Common Inspection Items

MTC Must Match the Material

The material test certificate should show grade, heat number, standard, product form, size, heat treatment condition, chemical composition, and mechanical properties when required. The heat number on the MTC should match the marking on the delivered material.

Supplier Checklist for Nimonic 263 Equivalent Procurement

Before placing an order for Nimonic 263 equivalent material, buyers should provide complete technical information. This reduces the risk of receiving a material that matches the name but not the actual engineering requirement.

Nimonic 263 Equivalent Related Questions

What is the equivalent of Nimonic 263?

The main equivalents of Nimonic 263 are Alloy C-263, UNS N07263, W.Nr. 2.4650, NiCo20Cr20MoTi, and Nicrofer 5120 CoTi. In specification terms, AMS 5872 is commonly used for sheet, plate, and strip, while AMS 5886 is commonly used for rod and bar. BS HR10 and BS HR206 may also appear in aerospace and high-temperature material requirements.

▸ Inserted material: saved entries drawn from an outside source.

lemma norm_add_axis_sq:
  fixes a :: "real^'n"
  shows "(norm (a + w *\<^sub>R axis j 1))\<^sup>2 = (norm a)\<^sup>2 + 2 * w * a$j + w\<^sup>2"
  unfolding power2_norm_eq_inner
  by (simp add: inner_add_left inner_add_right inner_axis inner_axis' power2_eq_square algebra_simps)

lemma line_gaussian_deriv:
  fixes A N c aj e K B :: real
  shows "((\<lambda>t. (A + t * c * e) * exp (- (N + 2 * (t*c) * aj + (t*c)\<^sup>2)) * K + B) has_real_derivative
       c * (e - 2 * A * aj) * exp (- N) * K) (at 0)"
  by (rule derivative_eq_intros refl | simp)+ (simp add: algebra_simps)

lemma grad_kern:
  fixes i :: "'n::finite" and r :: real and x y :: "real^'n"
  defines "a \<equiv> phi r x y" and "c \<equiv> r / sqrt (1 - r\<^sup>2)"
    and "P \<equiv> (1 - r\<^sup>2) powr ((real CARD('n) + 1) / 2)"
  shows "grad (\<lambda>z. kern i r x z) y
       = (\<chi> j. c * ((if j = i then 1 else 0) - 2 * a$i * a$j) * exp (- (norm a)\<^sup>2) / P)"
proof -
  have "deriv (\<lambda>t. kern i r x (y + t *\<^sub>R axis j 1)) 0
      = c * ((if j = i then 1 else 0) - 2 * a$i * a$j) * exp (- (norm a)\<^sup>2) / P" for j
  proof -
    define e :: real where "e = (if j = i then 1 else 0)"
    have line: "(\<lambda>t. kern i r x (y + t *\<^sub>R axis j 1))
        = (\<lambda>t. (a$i + t * c * e) * exp (- ((norm a)\<^sup>2 + 2 * (t*c) * a$j + (t*c)\<^sup>2)) * (1/P)
               + x $ i * exp (- (norm x)\<^sup>2))"
      by (rule ext, simp only: kern_def phi_shift norm_add_axis_sq)
         (simp add: a_def c_def P_def e_def axis_def algebra_simps add_divide_distrib)
    have "((\<lambda>t. kern i r x (y + t *\<^sub>R axis j 1)) has_real_derivative
        c * (e - 2 * a$i * a$j) * exp (- (norm a)\<^sup>2) / P) (at 0)"
      unfolding line using line_gaussian_deriv[of "a$i" c e "(norm a)\<^sup>2" "a$j" "1/P"]
      by (simp add: mult.commute mult.left_commute)
    then show ?thesis unfolding e_def by (rule DERIV_imp_deriv)
  qed
  then show ?thesis unfolding grad_def by simp
qed
subsection \<open>Sphere graphs in dimension at least two\<close>

lemma sphere_eq_pole_preimage:
  assumes "T \<in> spheres d"
  obtains S where "S \<in> hyp_sections d" "unit_vec d \<notin> S" "pole_preimage d (unit_vec d) S = T"
proof -
  obtain c r where cr: "c \<in> euc d" "r > 0" "T = {y \<in> euc d. enorm d (\<lambda>i. y i - c i) = r}"
    using assms unfolding spheres_def by blast
  let ?a = "sphere_normal d c r" and ?b = "sphere_offset d c r"
  define S where "S = disc d \<inter> hplane (Suc d) ?a ?b"
  have ab: "?b\<^sup>2 < dot (Suc d) ?a ?a"
    using dot_sphere_normal_minus_offset[of d c r] cr(2) by (smt (verit) zero_less_power)
  then have "\<exists>i<Suc d. ?a i \<noteq> 0"
    using dot_self_pos_iff by (metis le_less_trans zero_le_power2)
  with ab have "S \<in> hyp_sections d"
    unfolding hyp_sections_iff S_def using hyperplane_meets_open_ball_iff by blast
  moreover have "unit_vec d \<notin> S"
    using mem_hyp_section_on_sphere_iff[OF S_def unit_vec_in_unit_sphere] sphere_normal_pole[of d c r]
      dot_unit_vec[of d "Suc d" ?a] by simp
  moreover have "pole_preimage d (unit_vec d) S = T"
    unfolding pole_preimage_def pole_chart_unit_vec cr(3)
    using mem_hyp_section_on_sphere_iff[OF S_def stereo_inv_in_unit_sphere]
      stereo_inv_in_sphere_hyperplane_iff[OF cr(2)] by blast
  ultimately show thesis by (rule that)
qed
lemma lyapunov_decreasing:
  fixes \<Phi> \<phi> :: "real \<Rightarrow> real"
  assumes \<Phi>_cont: "continuous_on {r\<^sub>0..} \<Phi>"
    and \<Phi>_slope: "\<And>a b. r\<^sub>0 \<le> a \<Longrightarrow> a \<le> b \<Longrightarrow> \<Phi> b - \<Phi> a \<le> \<phi> a * (b - a)"
    and \<phi>_nonneg: "\<And>a. r\<^sub>0 \<le> a \<Longrightarrow> 0 \<le> \<phi> a"
    and rate: "\<And>t. 0 \<le> t \<Longrightarrow> \<phi> (r\<^sub>0 + arclength t) * sqrt (L (x t)) \<le> speed t"
    and st: "0 \<le> s" "s \<le> t"
  shows "\<Phi> (r\<^sub>0 + arclength t) + 2 * sqrt (L (x t)) \<le> \<Phi> (r\<^sub>0 + arclength s) + 2 * sqrt (L (x s))"
proof (rule right_Dini_nonpos_imp_decreasing[OF st(2)])
  have "continuous_on {s..t} (\<lambda>u. r\<^sub>0 + arclength u)"
    using st by (intro continuous_intros continuous_on_subset[OF arclength_continuous]) auto
  then have "continuous_on {s..t} (\<lambda>u. \<Phi> (r\<^sub>0 + arclength u))"
    by (rule continuous_on_compose2[OF \<Phi>_cont]) (use st in \<open>auto intro!: arclength_nonneg\<close>)
  moreover have "continuous_on {s..t} (\<lambda>u. sqrt (L (x u)))"
    using st by (intro continuous_on_compose2[OF continuous_on_real_sqrt
          continuous_on_subset[OF energy_continuous]]) auto
  ultimately show "continuous_on {s..t} (\<lambda>u. \<Phi> (r\<^sub>0 + arclength u) + 2 * sqrt (L (x u)))"
    by (intro continuous_on_add continuous_on_mult continuous_on_const)
next
  fix u e :: real assume "u \<in> {s..<t}" "0 < e"
  then have "0 \<le> u" using st by simp
  define a where "a = \<phi> (r\<^sub>0 + arclength u)"
  have "0 \<le> a" unfolding a_def using \<phi>_nonneg arclength_nonneg[OF \<open>0 \<le> u\<close>] by simp
  show "\<forall>\<^sub>F v in at_right u. \<Phi> (r\<^sub>0 + arclength v) + 2 * sqrt (L (x v))
          \<le> \<Phi> (r\<^sub>0 + arclength u) + 2 * sqrt (L (x u)) + e * (v - u)"
    using lyapunov_right_Dini[OF \<open>0 \<le> u\<close> \<open>0 \<le> a\<close> rate[OF \<open>0 \<le> u\<close>, folded a_def] \<open>0 < e\<close>]
      eventually_at_right_less[of u]
  proof eventually_elim
    case (elim v)
    have "\<Phi> (r\<^sub>0 + arclength v) - \<Phi> (r\<^sub>0 + arclength u) \<le> a * (arclength v - arclength u)"
      using \<Phi>_slope[of "r\<^sub>0 + arclength u" "r\<^sub>0 + arclength v"] arclength_nonneg[OF \<open>0 \<le> u\<close>]
        arclength_mono[OF \<open>0 \<le> u\<close>, of v] elim(2) by (simp add: a_def)
    then show ?case using elim(1) by (simp add: algebra_simps)
  qed
qed

lemma energy_decay:
  assumes "0 \<le> k" and rate: "\<And>u. 0 \<le> u \<Longrightarrow> k * sqrt (L (x u)) \<le> speed u" and "0 \<le> t"
  shows "L (x t) \<le> L (x 0) * exp (- k\<^sup>2 * t)"
proof -
  have "exp (k\<^sup>2 * t) * L (x t) \<le> exp (k\<^sup>2 * 0) * L (x 0)"
  proof (rule right_derivative_nonpos_imp_decreasing[OF \<open>0 \<le> t\<close>,
        where f' = "\<lambda>u. exp (k\<^sup>2 * u) * (k\<^sup>2 * L (x u) - (speed u)\<^sup>2)"])
    show "continuous_on {0..t} (\<lambda>u. exp (k\<^sup>2 * u) * L (x u))"
      by (intro continuous_intros continuous_on_subset[OF energy_continuous]) auto
  next
    fix u assume u: "u \<in> {0..<t}"
    then have "{u<..} \<subseteq> {0..}" by auto
    have "((\<lambda>u. exp (k\<^sup>2 * u)) has_real_derivative exp (k\<^sup>2 * u) * k\<^sup>2) (at_right u)"
      by (intro derivative_eq_intros) auto
    from DERIV_mult[OF this has_field_derivative_subset[OF energy_has_derivative \<open>{u<..} \<subseteq> {0..}\<close>]]
    show "((\<lambda>u. exp (k\<^sup>2 * u) * L (x u)) has_real_derivative
            exp (k\<^sup>2 * u) * (k\<^sup>2 * L (x u) - (speed u)\<^sup>2)) (at_right u)"
      using u by (simp add: algebra_simps)
    have "(k * sqrt (L (x u)))\<^sup>2 \<le> (speed u)\<^sup>2"
      using rate[of u] u \<open>0 \<le> k\<close> L_nonneg by (intro power_mono) auto
    then show "exp (k\<^sup>2 * u) * (k\<^sup>2 * L (x u) - (speed u)\<^sup>2) \<le> 0"
      using L_nonneg[of "x u"] by (simp add: power_mult_distrib mult_nonneg_nonpos)
  qed
  then show ?thesis by (simp add: exp_minus field_simps)
qed

lemma sqrt_energy_decay:
  assumes "0 \<le> k" and rate: "\<And>u. 0 \<le> u \<Longrightarrow> k * sqrt (L (x u)) \<le> speed u" and "0 \<le> t"
  shows "sqrt (L (x t)) \<le> sqrt (L (x 0)) * exp (- k\<^sup>2 * t / 2)"
proof -
  have "sqrt (exp (- k\<^sup>2 * t)) = exp (- k\<^sup>2 * t / 2)"
    by (rule real_sqrt_unique) (simp_all add: power2_eq_square flip: exp_add)
  then show ?thesis using energy_decay[OF assms] by (metis real_sqrt_le_mono real_sqrt_mult)
qed

lemma dist_tail_bound:
  assumes "0 \<le> k" and rate: "\<And>u. 0 \<le> u \<Longrightarrow> k * sqrt (L (x u)) \<le> speed u" and "0 \<le> t" "t \<le> T"
  shows "k * dist (x T) (x t) \<le> 2 * sqrt (L (x 0)) * exp (- k\<^sup>2 * t / 2)"
proof -
  have "k * (0 + arclength T) + 2 * sqrt (L (x T)) \<le> k * (0 + arclength t) + 2 * sqrt (L (x t))"
    using assms by (intro lyapunov_decreasing[where \<phi> = "\<lambda>_. k"])
      (auto intro: continuous_intros simp: algebra_simps)
  then have "k * arclength T + 2 * sqrt (L (x T)) \<le> k * arclength t + 2 * sqrt (L (x t))"
    by simp
  moreover have "k * dist (x T) (x t) \<le> k * arclength T - k * arclength t"
    using displacement_le_arclength[OF assms(3,4)] \<open>0 \<le> k\<close>
    by (simp add: dist_norm mult_left_mono flip: right_diff_distrib)
  moreover have "0 \<le> sqrt (L (x T))" by (simp add: L_nonneg)
  moreover note sqrt_energy_decay[OF assms(1,2,3)]
  ultimately show ?thesis by linarith
qed

lemma converges_to_minimizer:
  assumes "0 < k" and rate: "\<And>u. 0 \<le> u \<Longrightarrow> k * sqrt (L (x u)) \<le> speed u"
  obtains l where "(x \<longlongrightarrow> l) at_top" "L l = 0"
proof -
  define B where "B t = 2 * sqrt (L (x 0)) / k * exp (- k\<^sup>2 * t / 2)" for t
  have "(B \<longlongrightarrow> 0) at_top" unfolding B_def using \<open>0 < k\<close> by real_asymp
  moreover have "\<forall>\<^sub>F t in at_top. \<forall>T\<ge>t. dist (x T) (x t) \<le> B t"
    using eventually_ge_at_top[of 0]
  proof eventually_elim
    case (elim t)
    then show ?case using dist_tail_bound[OF less_imp_le[OF \<open>0 < k\<close>] rate elim] \<open>0 < k\<close>
      by (simp add: B_def field_simps)
  qed
  ultimately obtain l where lim: "(x \<longlongrightarrow> l) at_top" using tendsto_at_top_of_tail_bound by blast
  have "((\<lambda>t. L (x t)) \<longlongrightarrow> L l) at_top"
    using continuous_on_tendsto_compose[OF L_continuous lim] by simp
  moreover have "((\<lambda>t. L (x t)) \<longlongrightarrow> 0) at_top"
  proof (rule tendsto_sandwich[of "\<lambda>_. 0" _ _ "\<lambda>t. L (x 0) * exp (- k\<^sup>2 * t)"])
    show "\<forall>\<^sub>F t in at_top. L (x t) \<le> L (x 0) * exp (- k\<^sup>2 * t)"
      using eventually_ge_at_top[of 0] by eventually_elim (rule energy_decay[OF _ rate], use \<open>0 < k\<close> in auto)
    show "((\<lambda>t. L (x 0) * exp (- k\<^sup>2 * t)) \<longlongrightarrow> 0) at_top" using \<open>0 < k\<close> by real_asymp
  qed (auto simp: L_nonneg)
  ultimately have "L l = 0" by (rule tendsto_unique[OF trivial_limit_at_top_linorder])
  with lim show thesis by (rule that)
qed

lemma dist_limit_bound:
  assumes "0 \<le> k" and rate: "\<And>u. 0 \<le> u \<Longrightarrow> k * sqrt (L (x u)) \<le> speed u"
    and lim: "(x \<longlongrightarrow> l) at_top" and "0 \<le> t"
  shows "k * dist (x t) l \<le> 2 * sqrt (L (x 0)) * exp (- k\<^sup>2 * t / 2)"
proof -
  have "((\<lambda>T. k * dist (x T) (x t)) \<longlongrightarrow> k * dist l (x t)) at_top"
    by (intro tendsto_intros lim)
  moreover have "\<forall>\<^sub>F T in at_top. k * dist (x T) (x t) \<le> 2 * sqrt (L (x 0)) * exp (- k\<^sup>2 * t / 2)"
    using eventually_ge_at_top[of t] by eventually_elim (rule dist_tail_bound[OF assms(1,2,4)])
  ultimately show ?thesis by (simp add: tendsto_upperbound dist_commute)
qed

end

locale lojasiewicz_flow = gradient_flow +
  fixes c :: "real \<Rightarrow> real"
  assumes c_nonneg: "\<And>r. 0 \<le> r \<Longrightarrow> 0 \<le> c r"
    and c_antimono: "\<And>r s. 0 \<le> r \<Longrightarrow> r \<le> s \<Longrightarrow> c s \<le> c r"
    and c_bound: "\<And>r y. 0 \<le> r \<Longrightarrow> norm y \<le> r \<Longrightarrow> L y \<noteq> 0 \<Longrightarrow>
                    c r \<le> norm (G y) / sqrt (L y)"
begin

definition C :: "real \<Rightarrow> real" where "C z = integral {0..z} c"

definition radius :: "real \<Rightarrow> real" where "radius t = norm (x 0) + arclength t"

lemma c_integrable: "0 \<le> a \<Longrightarrow> c integrable_on {a..b}"
proof -
  assume "0 \<le> a"
  then have "mono_on {a..b} (\<lambda>r. - c r)" by (intro mono_onI) (simp add: c_antimono)
  then show ?thesis using integrable_neg[OF integrable_on_mono_on] by fastforce
qed

lemma C_split: "0 \<le> a \<Longrightarrow> a \<le> b \<Longrightarrow> C b = C a + integral {a..b} c"
  unfolding C_def using Henstock_Kurzweil_Integration.integral_combine[OF _ _ c_integrable, of 0 a b] by simp

lemma C_increment_le: "0 \<le> a \<Longrightarrow> a \<le> b \<Longrightarrow> C b - C a \<le> c a * (b - a)"
  using C_split[of a b] integral_le[OF c_integrable integrable_const_ivl, of a b "c a"]
  by (simp add: c_antimono mult.commute)

lemma C_mono: "0 \<le> a \<Longrightarrow> a \<le> b \<Longrightarrow> C a \<le> C b"
  using C_split[of a b] integral_nonneg[OF c_integrable, of a b] by (simp add: c_nonneg)

lemma C_continuous: "continuous_on {0..} C"
  unfolding C_def[abs_def] by (intro indefinite_integral_continuous_atLeast c_integrable) simp

lemma radius_nonneg: "0 \<le> t \<Longrightarrow> 0 \<le> radius t"
  by (simp add: radius_def arclength_nonneg)

lemma norm_le_radius: "0 \<le> t \<Longrightarrow> norm (x t) \<le> radius t"
  using norm_triangle_sub[of "x t" "x 0"] displacement_le_arclength[of 0 t]
  by (simp add: radius_def arclength_def)

lemma rate_within_ball: "0 \<le> \<rho> \<Longrightarrow> norm (x t) \<le> \<rho> \<Longrightarrow> c \<rho> * sqrt (L (x t)) \<le> speed t"
  using c_bound[of \<rho> "x t"] L_nonneg[of "x t"]
  by (cases "L (x t) = 0") (simp_all add: speed_def pos_le_divide_eq)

Is Nimonic 263 the same as Inconel 718?

No, Nimonic 263 is not the same as Inconel 718. Nimonic 263 is a nickel-cobalt-chromium-molybdenum alloy with titanium and aluminum strengthening, while Inconel 718 is a nickel-chromium-iron alloy strengthened mainly by niobium-containing precipitates. Inconel 718 may be considered as an alternative in some designs, but it is not a direct equivalent to Nimonic 263.

What is Nimonic 263 used for?

Nimonic 263 is used for gas turbine parts, combustion chambers, exhaust cones, rings, casings, hot gas ducts, fabricated sheet structures, high-temperature fasteners, and other components requiring high-temperature strength, oxidation resistance, creep resistance, weldability, and good fabrication performance.